* Instructions to follow *
Repeat exactly the line that contains "using W[OF u]" and every line below it to the end of the material, omitting all others.

* Given data *
------------------------------
lemma probe_word_nth:
  "probe_word c d \<delta> W ! 0 = d"
  "probe_word c d \<delta> W ! (length W + 1) = d"
  "i < length W \<Longrightarrow> probe_word c d \<delta> W ! Suc i = W ! i"
  "length W + 2 \<le> i \<Longrightarrow> i < length (probe_word c d \<delta> W) \<Longrightarrow> probe_word c d \<delta> W ! i = c"
  by (auto simp: probe_word_def nth_append nth_Cons')

text \<open>The windows of F inside the block of c's all read the same word; shifted by m \<ge> \<delta> they
  would land on a d as well as on a c.\<close>

lemma probe_shift_less_diameter:
  fixes c d :: 'a and \<delta> :: nat and W :: "'a list"
  defines "P \<equiv> probe_word c d \<delta> W"
  assumes "c \<noteq> d" "1 \<le> \<delta>" "m < length P"
    and const:
      "\<And>s. length W + 2 \<le> s \<Longrightarrow> s + \<delta> \<le> length P \<Longrightarrow> periodic_ext P (s + m) = e"
  shows "m < \<delta>"
proof -
  let ?K = "length W + 2" and ?p = "length P"
  have p: "?p = 2 * length W + 2 * \<delta> + 4"
    unfolding P_def by (rule length_probe_word)
  have x_c: "periodic_ext P i = c" if "?K \<le> i" "i < ?p" for i
    using that probe_word_nth(4) unfolding P_def by (simp add: periodic_ext_nth)
  have x_d: "periodic_ext P ?p = d" "periodic_ext P (?p + ?K - 1) = d"
    using periodic_ext_add_length[of P 0] periodic_ext_add_length[of P "?K - 1"] probe_word_nth(1,2)
    unfolding P_def by (simp_all add: periodic_ext_nth length_probe_word ac_simps)
  have x_c': "periodic_ext P (?p + ?K) = c"
    using periodic_ext_add_length[of P ?K] x_c[of ?K] p by (simp add: ac_simps)
  show ?thesis
  proof (cases "m \<le> ?K + \<delta>")
    case True
    then have "e = c"
      using const[of ?K] x_c[of "?K + m"] p \<open>1 \<le> \<delta>\<close> by simp
    show ?thesis
    proof (rule ccontr)
      assume "\<not> m < \<delta>"
      then have "periodic_ext P ?p = e"
        using const[of "?p - m"] True p by simp
      then show False
        using x_d(1) \<open>e = c\<close> \<open>c \<noteq> d\<close> by simp
    qed
  next
    case False
    then have "periodic_ext P (?p + ?K) = e" "periodic_ext P (?p + ?K - 1) = e"
      using const[of "?p + ?K - m"] const[of "?p + ?K - 1 - m"] \<open>m < ?p\<close> p by simp_all
    then show ?thesis
      using x_c' x_d(2) \<open>c \<noteq> d\<close> by simp
  qed
qed

lemma local_rule_shift_on_probe_imp_shift:
  fixes F :: "(nat \<Rightarrow> 'a) \<Rightarrow> nat \<Rightarrow> 'a" and c d :: 'a and \<delta> :: nat and W :: "'a list"
  defines "P \<equiv> probe_word c d \<delta> W"
  assumes F: "\<And>y i. F y i = f (map y [i..<i + \<delta>])" and "1 \<le> \<delta>" "c \<noteq> d"
    and W: "\<And>u. length u = \<delta> \<Longrightarrow> sublist u W"
    and "m < length P" and shifted: "\<And>s. F (periodic_ext P) s = periodic_ext P (s + m)"
  shows "F = shift ^^ m"
proof -
  let ?x = "periodic_ext P"
  have "m < \<delta>"
  proof (rule probe_shift_less_diameter[where c = c and d = d and \<delta> = \<delta> and W = W, folded P_def])
    fix s assume s: "length W + 2 \<le> s" "s + \<delta> \<le> length P"
    have "map ?x [s..<s + \<delta>] = replicate \<delta> c"
      using s unfolding P_def by (intro nth_equalityI) (simp_all add: periodic_ext_nth probe_word_nth(4))
    then show "?x (s + m) = f (replicate \<delta> c)"
      using shifted[of s] F[of ?x s] by simp
  qed (use assms in simp_all)
  have f: "f u = u ! m" if u: "length u = \<delta>" for u
  proof -
    obtain us vs where W_split: "W = us @ u @ vs"
      using W[OF u] unfolding sublist_def by blast
    define t where "t = Suc (length us)"
    have x_u: "?x (t + k) = u ! k" if "k < \<delta>" for k
    proof -
      have "length us + k < length W"
        using that u W_split by simp
      then have "?x (t + k) = W ! (length us + k)"
        unfolding P_def t_def by (simp add: periodic_ext_nth length_probe_word probe_word_nth(3))
      then show ?thesis
        using that u W_split by (simp add: nth_append)
    qed
    then have "map ?x [t..<t + \<delta>] = u"
      using u by (intro nth_equalityI) simp_all
    then have "f u = F ?x t"
      using F[of ?x t] by simp
    also have "\<dots> = u ! m"
      using shifted[of t] x_u[OF \<open>m < \<delta>\<close>] by simp
    finally show ?thesis .
  qed
  show ?thesis
  proof (intro ext)
    fix y i
    show "F y i = (shift ^^ m) y i"
      using F[of y i] f[of "map y [i..<i + \<delta>]"] \<open>m < \<delta>\<close> by (simp add: funpow_shift_apply add.commute)
  qed
qed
------------------------------
* Result of this task *
      using W[OF u] unfolding sublist_def by blast
    define t where "t = Suc (length us)"
    have x_u: "?x (t + k) = u ! k" if "k < \<delta>" for k
    proof -
      have "length us + k < length W"
        using that u W_split by simp
      then have "?x (t + k) = W ! (length us + k)"
        unfolding P_def t_def by (simp add: periodic_ext_nth length_probe_word probe_word_nth(3))
      then show ?thesis
        using that u W_split by (simp add: nth_append)
    qed
    then have "map ?x [t..<t + \<delta>] = u"
      using u by (intro nth_equalityI) simp_all
    then have "f u = F ?x t"
      using F[of ?x t] by simp
    also have "\<dots> = u ! m"
      using shifted[of t] x_u[OF \<open>m < \<delta>\<close>] by simp
    finally show ?thesis .
  qed
  show ?thesis
  proof (intro ext)
    fix y i
    show "F y i = (shift ^^ m) y i"
      using F[of y i] f[of "map y [i..<i + \<delta>]"] \<open>m < \<delta>\<close> by (simp add: funpow_shift_apply add.commute)
  qed
qed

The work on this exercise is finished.